WHAT THIS TASK INVOLVES:
Lines in the listing below that hold "pell" are the ones to copy.

MATERIAL FOR THIS TASK:
————————

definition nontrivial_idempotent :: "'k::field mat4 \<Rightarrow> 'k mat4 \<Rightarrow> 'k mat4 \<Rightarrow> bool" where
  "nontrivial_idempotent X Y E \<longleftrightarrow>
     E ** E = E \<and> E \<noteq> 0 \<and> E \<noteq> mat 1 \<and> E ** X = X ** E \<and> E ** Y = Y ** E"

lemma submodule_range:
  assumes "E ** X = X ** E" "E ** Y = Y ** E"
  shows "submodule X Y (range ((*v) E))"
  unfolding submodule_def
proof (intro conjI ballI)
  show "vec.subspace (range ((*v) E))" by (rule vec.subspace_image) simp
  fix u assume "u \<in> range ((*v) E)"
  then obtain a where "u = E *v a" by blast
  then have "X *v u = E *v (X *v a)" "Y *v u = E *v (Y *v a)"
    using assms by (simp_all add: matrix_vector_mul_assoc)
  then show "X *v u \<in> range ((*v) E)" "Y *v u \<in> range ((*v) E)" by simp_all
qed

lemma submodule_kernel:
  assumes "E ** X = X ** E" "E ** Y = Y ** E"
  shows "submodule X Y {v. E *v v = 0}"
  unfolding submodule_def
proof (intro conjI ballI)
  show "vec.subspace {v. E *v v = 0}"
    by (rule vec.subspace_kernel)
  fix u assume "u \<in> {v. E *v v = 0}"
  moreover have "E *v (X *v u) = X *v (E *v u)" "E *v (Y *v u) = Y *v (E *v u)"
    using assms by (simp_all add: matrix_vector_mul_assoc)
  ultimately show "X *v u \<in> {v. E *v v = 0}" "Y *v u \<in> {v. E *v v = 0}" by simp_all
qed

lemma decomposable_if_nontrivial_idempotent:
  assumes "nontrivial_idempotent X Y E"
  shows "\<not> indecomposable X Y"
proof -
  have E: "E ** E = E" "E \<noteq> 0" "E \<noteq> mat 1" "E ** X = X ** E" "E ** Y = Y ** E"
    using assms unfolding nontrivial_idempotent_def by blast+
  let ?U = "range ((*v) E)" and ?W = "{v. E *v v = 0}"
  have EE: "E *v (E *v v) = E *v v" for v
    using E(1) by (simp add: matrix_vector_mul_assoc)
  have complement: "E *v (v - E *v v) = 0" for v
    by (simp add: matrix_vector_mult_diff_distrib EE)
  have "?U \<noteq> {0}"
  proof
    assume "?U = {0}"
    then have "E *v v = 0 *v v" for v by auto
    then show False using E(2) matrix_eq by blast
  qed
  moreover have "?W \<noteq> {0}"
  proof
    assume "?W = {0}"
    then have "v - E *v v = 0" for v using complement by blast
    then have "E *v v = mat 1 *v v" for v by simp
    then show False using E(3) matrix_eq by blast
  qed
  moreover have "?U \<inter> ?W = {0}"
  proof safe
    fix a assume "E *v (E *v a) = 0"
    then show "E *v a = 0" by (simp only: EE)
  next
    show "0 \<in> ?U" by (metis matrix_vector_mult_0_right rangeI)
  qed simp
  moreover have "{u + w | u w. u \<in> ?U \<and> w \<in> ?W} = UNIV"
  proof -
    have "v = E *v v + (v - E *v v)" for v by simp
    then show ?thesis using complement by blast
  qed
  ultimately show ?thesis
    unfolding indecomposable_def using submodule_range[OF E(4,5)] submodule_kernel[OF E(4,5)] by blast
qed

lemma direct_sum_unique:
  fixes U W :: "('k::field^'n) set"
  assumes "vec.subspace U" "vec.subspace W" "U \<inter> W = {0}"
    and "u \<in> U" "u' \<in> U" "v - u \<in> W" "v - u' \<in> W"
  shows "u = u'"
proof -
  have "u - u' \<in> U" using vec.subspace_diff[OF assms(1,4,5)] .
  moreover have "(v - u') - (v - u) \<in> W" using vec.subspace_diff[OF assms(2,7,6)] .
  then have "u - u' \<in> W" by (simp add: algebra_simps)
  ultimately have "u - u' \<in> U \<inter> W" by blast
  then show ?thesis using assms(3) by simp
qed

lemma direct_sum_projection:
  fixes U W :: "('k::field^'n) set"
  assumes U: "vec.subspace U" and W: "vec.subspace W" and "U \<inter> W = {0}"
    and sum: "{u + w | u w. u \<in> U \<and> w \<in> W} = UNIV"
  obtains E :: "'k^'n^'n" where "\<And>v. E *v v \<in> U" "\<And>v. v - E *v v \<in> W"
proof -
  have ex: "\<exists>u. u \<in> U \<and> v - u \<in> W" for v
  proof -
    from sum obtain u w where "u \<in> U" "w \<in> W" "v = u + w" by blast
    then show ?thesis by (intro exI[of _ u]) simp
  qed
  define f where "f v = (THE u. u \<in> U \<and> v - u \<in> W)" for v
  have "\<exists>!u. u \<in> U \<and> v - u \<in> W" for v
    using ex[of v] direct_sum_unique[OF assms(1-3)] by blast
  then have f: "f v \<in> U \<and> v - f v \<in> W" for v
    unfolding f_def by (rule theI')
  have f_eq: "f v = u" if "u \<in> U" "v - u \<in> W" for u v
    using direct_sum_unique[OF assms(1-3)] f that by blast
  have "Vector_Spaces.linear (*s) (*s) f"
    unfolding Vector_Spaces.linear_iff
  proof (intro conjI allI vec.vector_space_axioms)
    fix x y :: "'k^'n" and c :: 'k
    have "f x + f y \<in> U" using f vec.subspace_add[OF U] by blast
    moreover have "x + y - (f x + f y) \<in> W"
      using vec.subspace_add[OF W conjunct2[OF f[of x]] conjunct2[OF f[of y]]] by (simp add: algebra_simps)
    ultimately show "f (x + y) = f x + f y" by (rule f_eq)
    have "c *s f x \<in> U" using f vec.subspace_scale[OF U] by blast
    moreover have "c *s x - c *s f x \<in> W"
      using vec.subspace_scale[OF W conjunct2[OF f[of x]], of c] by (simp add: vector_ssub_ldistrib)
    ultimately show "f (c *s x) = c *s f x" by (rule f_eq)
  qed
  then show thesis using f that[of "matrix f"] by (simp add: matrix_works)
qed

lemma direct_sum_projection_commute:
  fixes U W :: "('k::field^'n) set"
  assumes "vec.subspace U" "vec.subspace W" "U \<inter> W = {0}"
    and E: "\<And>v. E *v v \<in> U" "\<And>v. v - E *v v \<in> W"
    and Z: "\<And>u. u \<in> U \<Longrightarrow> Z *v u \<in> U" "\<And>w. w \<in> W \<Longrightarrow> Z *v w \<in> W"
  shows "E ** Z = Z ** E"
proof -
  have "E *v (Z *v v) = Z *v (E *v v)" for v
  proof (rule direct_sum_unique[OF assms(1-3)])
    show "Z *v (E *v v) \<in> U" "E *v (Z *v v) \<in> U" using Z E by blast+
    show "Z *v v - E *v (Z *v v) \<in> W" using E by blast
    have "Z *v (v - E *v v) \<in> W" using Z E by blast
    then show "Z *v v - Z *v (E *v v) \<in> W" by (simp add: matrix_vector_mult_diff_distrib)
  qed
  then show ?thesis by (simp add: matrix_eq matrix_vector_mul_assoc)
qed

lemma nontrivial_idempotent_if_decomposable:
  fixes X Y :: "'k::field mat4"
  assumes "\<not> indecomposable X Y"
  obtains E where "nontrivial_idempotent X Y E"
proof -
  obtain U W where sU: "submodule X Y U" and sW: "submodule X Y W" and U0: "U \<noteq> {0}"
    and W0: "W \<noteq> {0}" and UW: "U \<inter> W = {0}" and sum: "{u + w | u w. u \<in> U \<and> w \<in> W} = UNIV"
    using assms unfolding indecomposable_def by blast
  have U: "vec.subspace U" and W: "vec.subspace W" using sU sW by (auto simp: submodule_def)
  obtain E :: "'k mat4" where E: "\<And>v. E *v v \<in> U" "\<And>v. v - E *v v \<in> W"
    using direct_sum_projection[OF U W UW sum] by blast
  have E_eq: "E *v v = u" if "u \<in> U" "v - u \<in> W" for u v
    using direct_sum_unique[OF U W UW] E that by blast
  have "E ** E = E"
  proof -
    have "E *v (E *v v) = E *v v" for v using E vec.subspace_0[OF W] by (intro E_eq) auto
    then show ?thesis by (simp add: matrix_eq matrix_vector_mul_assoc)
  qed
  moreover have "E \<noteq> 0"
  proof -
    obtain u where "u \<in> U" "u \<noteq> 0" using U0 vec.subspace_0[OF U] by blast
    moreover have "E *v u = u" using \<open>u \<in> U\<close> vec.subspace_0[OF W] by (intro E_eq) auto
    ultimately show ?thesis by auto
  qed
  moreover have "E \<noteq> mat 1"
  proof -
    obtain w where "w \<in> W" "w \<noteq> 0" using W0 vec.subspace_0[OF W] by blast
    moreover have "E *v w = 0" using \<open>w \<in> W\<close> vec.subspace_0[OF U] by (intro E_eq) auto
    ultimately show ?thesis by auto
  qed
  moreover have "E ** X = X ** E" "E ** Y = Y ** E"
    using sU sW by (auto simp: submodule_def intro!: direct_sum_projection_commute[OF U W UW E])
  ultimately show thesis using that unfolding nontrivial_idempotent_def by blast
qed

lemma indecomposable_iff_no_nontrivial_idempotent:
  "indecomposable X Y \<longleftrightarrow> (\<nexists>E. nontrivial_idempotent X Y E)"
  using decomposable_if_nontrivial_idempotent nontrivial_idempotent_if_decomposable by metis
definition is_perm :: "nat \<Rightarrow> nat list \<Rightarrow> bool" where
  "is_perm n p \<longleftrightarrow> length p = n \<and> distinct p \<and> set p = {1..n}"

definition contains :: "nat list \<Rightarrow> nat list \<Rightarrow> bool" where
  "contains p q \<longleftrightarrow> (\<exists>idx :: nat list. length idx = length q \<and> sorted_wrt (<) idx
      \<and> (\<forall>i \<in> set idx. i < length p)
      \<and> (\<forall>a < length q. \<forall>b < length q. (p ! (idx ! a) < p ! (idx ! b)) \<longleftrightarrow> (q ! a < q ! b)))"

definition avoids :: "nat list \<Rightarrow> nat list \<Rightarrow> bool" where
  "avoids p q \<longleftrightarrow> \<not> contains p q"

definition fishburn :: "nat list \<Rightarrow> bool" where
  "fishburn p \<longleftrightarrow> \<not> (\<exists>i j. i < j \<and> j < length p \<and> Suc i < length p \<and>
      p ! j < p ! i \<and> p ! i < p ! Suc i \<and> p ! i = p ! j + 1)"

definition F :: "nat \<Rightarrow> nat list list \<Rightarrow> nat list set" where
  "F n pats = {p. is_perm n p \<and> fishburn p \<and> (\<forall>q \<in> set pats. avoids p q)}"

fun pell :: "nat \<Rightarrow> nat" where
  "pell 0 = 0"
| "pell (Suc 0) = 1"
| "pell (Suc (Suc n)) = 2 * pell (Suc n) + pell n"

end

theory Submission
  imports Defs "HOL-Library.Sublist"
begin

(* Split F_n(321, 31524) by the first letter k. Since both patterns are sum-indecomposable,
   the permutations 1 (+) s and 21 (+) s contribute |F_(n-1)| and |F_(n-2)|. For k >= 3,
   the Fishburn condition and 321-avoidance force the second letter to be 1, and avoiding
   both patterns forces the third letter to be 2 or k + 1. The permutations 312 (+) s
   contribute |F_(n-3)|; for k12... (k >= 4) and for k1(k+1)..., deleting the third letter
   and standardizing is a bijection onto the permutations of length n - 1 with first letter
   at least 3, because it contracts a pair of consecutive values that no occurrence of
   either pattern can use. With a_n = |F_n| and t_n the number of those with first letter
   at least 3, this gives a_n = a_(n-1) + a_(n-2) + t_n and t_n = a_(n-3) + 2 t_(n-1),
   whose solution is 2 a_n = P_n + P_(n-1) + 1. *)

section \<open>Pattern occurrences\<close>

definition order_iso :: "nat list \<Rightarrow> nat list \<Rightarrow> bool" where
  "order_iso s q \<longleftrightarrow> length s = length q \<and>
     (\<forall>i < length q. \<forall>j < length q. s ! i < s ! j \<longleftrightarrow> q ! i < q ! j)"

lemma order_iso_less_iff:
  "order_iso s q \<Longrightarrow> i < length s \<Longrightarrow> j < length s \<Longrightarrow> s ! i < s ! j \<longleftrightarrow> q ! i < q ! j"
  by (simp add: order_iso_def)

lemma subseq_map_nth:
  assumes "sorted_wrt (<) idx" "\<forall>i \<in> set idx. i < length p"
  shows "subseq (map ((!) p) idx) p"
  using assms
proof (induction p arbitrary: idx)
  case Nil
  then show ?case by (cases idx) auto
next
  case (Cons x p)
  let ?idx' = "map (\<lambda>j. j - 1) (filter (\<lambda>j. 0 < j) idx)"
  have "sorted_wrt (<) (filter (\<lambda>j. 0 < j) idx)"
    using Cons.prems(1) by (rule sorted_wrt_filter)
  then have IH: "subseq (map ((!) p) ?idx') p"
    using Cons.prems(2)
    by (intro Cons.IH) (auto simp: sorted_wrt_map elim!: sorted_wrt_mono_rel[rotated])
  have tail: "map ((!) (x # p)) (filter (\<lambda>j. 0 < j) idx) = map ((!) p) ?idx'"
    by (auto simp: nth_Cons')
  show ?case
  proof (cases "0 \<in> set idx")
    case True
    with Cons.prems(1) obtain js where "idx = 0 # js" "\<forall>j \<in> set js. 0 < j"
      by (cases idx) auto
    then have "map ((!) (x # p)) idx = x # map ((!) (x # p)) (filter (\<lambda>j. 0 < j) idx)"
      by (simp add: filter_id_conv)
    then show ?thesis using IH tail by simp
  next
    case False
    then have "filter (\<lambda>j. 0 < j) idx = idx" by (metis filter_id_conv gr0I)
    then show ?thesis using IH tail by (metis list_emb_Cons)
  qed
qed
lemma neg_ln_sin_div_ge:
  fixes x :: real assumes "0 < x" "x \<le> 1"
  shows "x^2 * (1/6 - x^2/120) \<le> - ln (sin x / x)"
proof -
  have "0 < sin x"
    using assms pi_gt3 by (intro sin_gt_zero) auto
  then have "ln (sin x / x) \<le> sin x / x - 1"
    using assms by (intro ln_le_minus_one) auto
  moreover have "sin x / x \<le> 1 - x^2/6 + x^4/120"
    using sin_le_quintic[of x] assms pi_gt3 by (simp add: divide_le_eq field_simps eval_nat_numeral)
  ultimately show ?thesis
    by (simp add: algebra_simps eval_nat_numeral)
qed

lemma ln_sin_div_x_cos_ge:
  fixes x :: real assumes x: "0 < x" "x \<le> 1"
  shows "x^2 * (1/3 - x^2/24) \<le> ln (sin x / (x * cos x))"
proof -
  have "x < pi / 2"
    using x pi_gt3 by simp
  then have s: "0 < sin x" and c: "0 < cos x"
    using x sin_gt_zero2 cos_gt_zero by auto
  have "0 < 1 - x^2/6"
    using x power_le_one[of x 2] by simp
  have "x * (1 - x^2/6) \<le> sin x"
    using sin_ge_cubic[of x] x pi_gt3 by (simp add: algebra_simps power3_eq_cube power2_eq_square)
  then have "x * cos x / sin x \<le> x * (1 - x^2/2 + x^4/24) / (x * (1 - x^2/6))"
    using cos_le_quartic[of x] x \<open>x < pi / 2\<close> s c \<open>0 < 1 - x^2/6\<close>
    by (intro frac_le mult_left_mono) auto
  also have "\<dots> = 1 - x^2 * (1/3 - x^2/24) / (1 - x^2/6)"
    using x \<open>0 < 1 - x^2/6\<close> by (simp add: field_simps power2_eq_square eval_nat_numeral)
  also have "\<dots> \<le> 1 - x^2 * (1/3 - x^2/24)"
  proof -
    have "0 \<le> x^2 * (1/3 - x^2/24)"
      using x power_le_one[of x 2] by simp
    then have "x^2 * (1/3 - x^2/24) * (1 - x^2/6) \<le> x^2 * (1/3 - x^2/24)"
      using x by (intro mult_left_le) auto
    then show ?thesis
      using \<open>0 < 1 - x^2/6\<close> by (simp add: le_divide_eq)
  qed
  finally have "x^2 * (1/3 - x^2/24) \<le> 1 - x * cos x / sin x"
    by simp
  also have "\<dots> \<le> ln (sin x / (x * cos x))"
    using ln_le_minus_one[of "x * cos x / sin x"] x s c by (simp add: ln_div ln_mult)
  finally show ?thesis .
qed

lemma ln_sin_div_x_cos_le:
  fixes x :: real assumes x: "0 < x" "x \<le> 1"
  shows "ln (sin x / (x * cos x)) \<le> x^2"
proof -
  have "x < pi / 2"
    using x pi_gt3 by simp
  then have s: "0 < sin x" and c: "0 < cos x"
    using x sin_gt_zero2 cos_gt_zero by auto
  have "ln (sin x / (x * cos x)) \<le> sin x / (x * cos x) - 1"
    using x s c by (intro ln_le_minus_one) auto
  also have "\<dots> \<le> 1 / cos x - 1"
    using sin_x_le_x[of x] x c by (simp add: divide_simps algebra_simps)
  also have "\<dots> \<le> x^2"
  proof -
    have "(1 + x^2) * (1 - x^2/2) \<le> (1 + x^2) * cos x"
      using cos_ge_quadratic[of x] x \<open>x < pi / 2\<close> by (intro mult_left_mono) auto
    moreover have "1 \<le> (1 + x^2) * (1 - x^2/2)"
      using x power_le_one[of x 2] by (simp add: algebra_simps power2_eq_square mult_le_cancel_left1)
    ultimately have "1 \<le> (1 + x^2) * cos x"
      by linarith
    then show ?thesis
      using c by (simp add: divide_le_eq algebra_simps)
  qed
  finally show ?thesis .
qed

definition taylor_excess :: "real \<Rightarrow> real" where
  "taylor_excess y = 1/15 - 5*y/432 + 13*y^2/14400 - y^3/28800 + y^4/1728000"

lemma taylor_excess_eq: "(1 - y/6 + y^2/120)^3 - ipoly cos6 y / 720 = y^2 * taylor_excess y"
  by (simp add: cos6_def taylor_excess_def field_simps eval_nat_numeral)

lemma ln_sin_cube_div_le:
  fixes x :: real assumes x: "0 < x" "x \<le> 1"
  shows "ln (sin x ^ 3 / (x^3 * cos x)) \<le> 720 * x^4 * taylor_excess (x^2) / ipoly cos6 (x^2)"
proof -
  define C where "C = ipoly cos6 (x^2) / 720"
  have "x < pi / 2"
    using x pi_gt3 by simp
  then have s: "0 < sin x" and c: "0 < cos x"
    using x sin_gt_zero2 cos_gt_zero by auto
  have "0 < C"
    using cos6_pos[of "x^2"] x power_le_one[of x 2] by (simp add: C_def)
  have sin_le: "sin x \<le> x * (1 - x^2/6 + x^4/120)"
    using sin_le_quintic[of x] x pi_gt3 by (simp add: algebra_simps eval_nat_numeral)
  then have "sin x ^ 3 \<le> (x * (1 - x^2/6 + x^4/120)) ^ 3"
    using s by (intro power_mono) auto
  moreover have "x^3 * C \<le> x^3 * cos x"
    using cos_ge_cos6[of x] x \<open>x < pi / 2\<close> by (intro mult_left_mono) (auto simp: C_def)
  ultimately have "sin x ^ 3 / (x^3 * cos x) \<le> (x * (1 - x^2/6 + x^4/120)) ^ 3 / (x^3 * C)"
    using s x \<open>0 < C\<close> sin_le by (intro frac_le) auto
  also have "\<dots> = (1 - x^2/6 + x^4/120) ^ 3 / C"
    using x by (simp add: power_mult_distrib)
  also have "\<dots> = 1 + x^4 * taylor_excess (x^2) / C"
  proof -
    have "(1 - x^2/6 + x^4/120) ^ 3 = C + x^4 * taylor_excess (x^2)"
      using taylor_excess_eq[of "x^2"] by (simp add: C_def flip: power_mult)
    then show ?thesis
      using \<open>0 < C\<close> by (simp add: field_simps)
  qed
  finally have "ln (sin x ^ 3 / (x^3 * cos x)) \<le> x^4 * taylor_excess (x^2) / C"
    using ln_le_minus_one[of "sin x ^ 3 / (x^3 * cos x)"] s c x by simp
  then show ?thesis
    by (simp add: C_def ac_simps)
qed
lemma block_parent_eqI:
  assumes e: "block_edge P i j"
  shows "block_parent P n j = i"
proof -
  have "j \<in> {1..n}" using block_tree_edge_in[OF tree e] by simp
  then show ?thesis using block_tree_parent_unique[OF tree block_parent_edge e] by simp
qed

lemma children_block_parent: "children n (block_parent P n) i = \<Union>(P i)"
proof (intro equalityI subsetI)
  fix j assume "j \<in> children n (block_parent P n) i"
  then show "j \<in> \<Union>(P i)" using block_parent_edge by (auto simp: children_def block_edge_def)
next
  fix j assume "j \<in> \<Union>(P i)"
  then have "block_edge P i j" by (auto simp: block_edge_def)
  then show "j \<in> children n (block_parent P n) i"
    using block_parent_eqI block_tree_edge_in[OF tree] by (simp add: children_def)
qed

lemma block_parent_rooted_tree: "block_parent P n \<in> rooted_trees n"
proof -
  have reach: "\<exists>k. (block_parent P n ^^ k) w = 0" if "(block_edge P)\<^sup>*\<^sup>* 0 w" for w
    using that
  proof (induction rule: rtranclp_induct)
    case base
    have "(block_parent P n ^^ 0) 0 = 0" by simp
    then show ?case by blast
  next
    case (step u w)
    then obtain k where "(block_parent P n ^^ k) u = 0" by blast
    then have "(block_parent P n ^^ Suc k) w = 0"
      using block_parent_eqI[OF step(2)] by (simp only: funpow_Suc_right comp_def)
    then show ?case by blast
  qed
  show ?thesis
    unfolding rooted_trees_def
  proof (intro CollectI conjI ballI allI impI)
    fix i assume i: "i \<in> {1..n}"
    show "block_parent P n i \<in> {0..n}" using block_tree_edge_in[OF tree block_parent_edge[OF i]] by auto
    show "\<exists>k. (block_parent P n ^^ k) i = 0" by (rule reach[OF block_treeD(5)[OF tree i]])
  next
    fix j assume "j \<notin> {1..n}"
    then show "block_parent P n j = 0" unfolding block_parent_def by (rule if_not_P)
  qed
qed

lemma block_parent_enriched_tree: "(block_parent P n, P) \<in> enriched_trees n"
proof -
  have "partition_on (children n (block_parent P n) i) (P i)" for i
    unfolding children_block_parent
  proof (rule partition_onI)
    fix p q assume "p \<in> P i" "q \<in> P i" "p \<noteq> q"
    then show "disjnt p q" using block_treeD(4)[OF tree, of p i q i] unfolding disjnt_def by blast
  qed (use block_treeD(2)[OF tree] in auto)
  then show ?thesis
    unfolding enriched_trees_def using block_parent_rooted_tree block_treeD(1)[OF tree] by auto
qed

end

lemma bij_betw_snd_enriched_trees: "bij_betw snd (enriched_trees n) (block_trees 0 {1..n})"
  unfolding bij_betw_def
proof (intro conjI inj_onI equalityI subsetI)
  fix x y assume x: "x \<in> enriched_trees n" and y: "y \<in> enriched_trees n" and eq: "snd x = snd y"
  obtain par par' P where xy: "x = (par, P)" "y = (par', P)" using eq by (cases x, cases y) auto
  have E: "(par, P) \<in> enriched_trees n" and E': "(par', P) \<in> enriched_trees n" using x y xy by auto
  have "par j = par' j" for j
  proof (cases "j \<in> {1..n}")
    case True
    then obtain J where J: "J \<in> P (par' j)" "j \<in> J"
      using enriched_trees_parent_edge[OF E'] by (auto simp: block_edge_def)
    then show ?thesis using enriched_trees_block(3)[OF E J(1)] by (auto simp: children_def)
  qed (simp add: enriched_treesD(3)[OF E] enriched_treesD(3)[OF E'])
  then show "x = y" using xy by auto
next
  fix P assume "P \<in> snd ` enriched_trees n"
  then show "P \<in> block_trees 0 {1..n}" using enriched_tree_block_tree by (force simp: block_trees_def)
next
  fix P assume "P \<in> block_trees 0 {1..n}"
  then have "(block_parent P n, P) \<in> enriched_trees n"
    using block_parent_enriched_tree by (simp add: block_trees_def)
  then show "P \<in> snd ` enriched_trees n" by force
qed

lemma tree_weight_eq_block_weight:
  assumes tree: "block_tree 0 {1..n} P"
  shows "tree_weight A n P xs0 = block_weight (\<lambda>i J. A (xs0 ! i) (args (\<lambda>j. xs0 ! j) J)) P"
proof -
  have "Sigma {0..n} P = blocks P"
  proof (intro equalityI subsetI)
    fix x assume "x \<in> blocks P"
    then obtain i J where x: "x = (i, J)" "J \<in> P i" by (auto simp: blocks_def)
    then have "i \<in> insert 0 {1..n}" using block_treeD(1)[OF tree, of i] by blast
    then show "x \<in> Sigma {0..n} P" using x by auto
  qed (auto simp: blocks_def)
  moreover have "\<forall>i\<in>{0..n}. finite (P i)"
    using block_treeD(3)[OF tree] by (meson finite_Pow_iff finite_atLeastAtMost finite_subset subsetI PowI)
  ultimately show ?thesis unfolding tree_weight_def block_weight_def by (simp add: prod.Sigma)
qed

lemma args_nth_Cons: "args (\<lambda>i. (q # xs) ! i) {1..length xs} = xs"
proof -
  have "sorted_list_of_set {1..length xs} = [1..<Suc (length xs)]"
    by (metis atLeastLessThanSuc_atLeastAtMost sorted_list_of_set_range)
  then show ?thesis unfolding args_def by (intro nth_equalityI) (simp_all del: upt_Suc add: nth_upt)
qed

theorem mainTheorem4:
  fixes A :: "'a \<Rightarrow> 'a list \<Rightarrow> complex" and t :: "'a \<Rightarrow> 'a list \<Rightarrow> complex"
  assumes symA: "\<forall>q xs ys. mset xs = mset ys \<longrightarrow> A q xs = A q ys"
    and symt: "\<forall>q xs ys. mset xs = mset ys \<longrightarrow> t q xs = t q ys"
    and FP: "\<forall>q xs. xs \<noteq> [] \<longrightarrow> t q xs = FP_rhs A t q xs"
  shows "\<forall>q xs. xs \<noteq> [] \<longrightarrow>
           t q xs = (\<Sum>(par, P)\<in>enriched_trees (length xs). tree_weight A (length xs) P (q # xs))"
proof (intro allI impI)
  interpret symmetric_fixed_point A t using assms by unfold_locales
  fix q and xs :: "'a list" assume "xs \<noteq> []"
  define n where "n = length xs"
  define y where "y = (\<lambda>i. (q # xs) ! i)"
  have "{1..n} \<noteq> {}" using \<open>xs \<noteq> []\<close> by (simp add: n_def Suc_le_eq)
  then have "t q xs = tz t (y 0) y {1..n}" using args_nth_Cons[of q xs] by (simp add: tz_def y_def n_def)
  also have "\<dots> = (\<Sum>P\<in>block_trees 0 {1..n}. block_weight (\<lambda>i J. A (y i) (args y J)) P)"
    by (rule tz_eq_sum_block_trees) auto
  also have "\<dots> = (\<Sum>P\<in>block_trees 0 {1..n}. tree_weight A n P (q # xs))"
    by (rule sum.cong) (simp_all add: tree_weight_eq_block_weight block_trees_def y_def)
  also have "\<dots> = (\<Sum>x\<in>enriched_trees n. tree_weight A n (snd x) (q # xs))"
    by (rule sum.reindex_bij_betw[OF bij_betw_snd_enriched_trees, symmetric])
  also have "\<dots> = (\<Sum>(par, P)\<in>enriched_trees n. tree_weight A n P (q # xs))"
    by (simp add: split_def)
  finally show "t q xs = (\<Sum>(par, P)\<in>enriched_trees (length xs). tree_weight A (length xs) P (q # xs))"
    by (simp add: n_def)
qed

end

————————

EXERCISE RESPONSE:
fun pell :: "nat \<Rightarrow> nat" where
  "pell 0 = 0"
| "pell (Suc 0) = 1"
| "pell (Suc (Suc n)) = 2 * pell (Suc n) + pell n"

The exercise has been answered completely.